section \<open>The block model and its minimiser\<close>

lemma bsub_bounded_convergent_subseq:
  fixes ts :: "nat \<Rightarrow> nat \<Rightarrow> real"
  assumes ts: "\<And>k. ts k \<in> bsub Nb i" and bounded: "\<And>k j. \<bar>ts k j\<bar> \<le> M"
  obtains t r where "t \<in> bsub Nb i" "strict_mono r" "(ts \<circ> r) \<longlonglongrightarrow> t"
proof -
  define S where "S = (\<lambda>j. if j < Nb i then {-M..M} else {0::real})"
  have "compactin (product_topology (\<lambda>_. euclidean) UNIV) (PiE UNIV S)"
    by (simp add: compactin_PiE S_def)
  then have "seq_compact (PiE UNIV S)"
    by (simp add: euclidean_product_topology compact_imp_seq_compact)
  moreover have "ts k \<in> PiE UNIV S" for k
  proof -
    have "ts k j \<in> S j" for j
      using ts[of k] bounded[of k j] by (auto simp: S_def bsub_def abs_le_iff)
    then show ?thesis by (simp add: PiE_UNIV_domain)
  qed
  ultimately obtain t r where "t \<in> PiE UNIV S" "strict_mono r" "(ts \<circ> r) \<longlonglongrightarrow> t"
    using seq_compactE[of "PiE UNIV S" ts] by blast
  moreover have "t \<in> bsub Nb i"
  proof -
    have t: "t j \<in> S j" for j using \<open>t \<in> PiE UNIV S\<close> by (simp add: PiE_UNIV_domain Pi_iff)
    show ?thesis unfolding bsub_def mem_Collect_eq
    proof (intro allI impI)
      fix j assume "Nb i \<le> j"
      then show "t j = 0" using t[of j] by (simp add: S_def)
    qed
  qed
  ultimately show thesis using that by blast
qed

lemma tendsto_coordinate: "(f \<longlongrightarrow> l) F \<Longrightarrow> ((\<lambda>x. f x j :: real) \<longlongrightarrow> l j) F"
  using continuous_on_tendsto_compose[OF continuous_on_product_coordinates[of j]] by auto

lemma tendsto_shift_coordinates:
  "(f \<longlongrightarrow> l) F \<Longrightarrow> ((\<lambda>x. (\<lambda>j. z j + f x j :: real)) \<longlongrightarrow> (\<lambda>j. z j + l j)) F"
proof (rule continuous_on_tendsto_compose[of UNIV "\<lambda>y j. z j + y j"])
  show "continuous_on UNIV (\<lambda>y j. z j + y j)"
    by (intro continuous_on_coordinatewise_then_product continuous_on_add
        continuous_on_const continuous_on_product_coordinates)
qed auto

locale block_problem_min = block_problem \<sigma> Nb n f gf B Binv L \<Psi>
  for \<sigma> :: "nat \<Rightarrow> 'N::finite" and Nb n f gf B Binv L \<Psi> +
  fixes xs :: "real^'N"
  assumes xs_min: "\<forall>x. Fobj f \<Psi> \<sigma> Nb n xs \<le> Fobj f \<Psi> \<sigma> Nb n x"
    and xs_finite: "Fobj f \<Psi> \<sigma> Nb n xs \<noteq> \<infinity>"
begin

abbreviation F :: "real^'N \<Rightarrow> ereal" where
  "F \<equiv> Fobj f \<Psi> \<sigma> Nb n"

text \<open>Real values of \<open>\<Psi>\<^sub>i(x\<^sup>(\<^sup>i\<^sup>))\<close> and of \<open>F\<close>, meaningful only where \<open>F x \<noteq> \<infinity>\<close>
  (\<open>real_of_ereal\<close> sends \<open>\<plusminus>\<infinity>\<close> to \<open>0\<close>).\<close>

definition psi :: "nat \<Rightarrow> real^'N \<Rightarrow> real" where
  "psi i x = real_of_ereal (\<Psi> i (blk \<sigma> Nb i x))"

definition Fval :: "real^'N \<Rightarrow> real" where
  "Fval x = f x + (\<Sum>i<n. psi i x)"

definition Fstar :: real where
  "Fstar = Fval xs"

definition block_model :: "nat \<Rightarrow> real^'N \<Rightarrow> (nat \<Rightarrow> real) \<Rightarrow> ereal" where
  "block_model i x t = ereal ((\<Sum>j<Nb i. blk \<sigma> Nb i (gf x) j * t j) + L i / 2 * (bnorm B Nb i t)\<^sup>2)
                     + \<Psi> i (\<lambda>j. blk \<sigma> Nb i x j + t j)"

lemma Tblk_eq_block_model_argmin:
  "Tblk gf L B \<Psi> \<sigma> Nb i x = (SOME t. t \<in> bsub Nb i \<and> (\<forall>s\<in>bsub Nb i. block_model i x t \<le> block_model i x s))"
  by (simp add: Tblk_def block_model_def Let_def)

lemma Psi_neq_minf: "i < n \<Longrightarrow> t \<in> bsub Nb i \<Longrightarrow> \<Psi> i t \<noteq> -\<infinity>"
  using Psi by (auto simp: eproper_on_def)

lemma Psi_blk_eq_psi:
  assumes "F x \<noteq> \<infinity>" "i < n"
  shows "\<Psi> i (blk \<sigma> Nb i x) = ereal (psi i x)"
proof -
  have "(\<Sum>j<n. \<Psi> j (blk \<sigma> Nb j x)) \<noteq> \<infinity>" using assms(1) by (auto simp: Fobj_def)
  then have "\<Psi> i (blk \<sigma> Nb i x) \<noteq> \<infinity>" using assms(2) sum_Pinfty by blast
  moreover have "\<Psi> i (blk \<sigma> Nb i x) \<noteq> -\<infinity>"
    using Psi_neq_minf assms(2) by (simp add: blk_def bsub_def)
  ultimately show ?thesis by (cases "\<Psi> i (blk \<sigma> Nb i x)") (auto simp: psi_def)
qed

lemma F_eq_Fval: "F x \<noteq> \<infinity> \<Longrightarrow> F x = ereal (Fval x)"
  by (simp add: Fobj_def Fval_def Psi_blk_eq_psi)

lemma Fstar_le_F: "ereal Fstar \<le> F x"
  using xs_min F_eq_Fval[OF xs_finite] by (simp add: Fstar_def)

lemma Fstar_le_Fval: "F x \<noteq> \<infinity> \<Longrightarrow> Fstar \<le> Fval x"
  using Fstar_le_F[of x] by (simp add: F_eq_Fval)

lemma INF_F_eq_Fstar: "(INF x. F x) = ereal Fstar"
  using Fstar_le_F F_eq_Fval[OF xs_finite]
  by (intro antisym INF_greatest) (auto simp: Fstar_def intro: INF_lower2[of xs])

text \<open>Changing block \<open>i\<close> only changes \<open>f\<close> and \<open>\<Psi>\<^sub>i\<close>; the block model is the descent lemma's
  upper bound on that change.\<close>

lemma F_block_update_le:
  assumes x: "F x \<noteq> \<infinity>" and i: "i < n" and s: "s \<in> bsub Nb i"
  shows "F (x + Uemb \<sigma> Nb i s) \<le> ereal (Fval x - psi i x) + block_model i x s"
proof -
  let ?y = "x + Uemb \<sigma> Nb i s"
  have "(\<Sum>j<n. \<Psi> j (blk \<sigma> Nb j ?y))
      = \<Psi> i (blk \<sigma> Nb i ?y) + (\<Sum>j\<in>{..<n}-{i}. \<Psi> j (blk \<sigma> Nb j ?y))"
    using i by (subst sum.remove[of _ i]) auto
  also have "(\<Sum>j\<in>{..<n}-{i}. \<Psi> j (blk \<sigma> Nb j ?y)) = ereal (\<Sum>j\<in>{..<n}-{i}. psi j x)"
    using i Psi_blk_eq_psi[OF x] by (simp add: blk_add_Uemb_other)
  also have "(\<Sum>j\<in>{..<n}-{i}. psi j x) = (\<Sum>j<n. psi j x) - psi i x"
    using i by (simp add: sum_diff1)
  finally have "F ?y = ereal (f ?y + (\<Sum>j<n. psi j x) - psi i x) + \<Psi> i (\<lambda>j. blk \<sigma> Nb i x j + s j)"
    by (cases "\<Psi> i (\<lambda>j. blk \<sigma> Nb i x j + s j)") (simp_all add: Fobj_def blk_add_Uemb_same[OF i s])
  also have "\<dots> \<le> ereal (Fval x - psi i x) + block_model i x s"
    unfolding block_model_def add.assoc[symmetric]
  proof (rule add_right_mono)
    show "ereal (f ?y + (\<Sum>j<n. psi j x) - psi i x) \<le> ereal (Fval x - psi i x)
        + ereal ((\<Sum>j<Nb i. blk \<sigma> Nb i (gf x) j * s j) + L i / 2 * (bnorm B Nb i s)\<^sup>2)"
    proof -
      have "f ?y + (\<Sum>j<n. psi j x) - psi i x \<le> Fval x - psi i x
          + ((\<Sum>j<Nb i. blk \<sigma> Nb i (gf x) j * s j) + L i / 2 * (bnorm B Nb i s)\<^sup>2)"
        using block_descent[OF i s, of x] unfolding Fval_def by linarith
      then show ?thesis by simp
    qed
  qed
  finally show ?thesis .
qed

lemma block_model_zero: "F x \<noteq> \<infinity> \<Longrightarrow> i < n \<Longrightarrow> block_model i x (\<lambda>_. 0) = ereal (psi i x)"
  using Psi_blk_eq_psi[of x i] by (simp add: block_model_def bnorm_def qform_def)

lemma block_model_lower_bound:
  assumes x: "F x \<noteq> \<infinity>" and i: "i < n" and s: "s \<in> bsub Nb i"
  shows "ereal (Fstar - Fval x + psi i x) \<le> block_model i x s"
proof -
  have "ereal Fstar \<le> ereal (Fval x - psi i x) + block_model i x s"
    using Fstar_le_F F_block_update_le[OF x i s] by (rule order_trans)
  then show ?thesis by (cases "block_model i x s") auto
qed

=== YOUR INSTRUCTIONS ===
What is wanted is every line from the first line of the entries through the line that contains "k \<in> PiE", given again exactly.

=== OUTPUT FOR THIS TASK ===
section \<open>The block model and its minimiser\<close>

lemma bsub_bounded_convergent_subseq:
  fixes ts :: "nat \<Rightarrow> nat \<Rightarrow> real"
  assumes ts: "\<And>k. ts k \<in> bsub Nb i" and bounded: "\<And>k j. \<bar>ts k j\<bar> \<le> M"
  obtains t r where "t \<in> bsub Nb i" "strict_mono r" "(ts \<circ> r) \<longlonglongrightarrow> t"
proof -
  define S where "S = (\<lambda>j. if j < Nb i then {-M..M} else {0::real})"
  have "compactin (product_topology (\<lambda>_. euclidean) UNIV) (PiE UNIV S)"
    by (simp add: compactin_PiE S_def)
  then have "seq_compact (PiE UNIV S)"
    by (simp add: euclidean_product_topology compact_imp_seq_compact)
  moreover have "ts k \<in> PiE UNIV S" for k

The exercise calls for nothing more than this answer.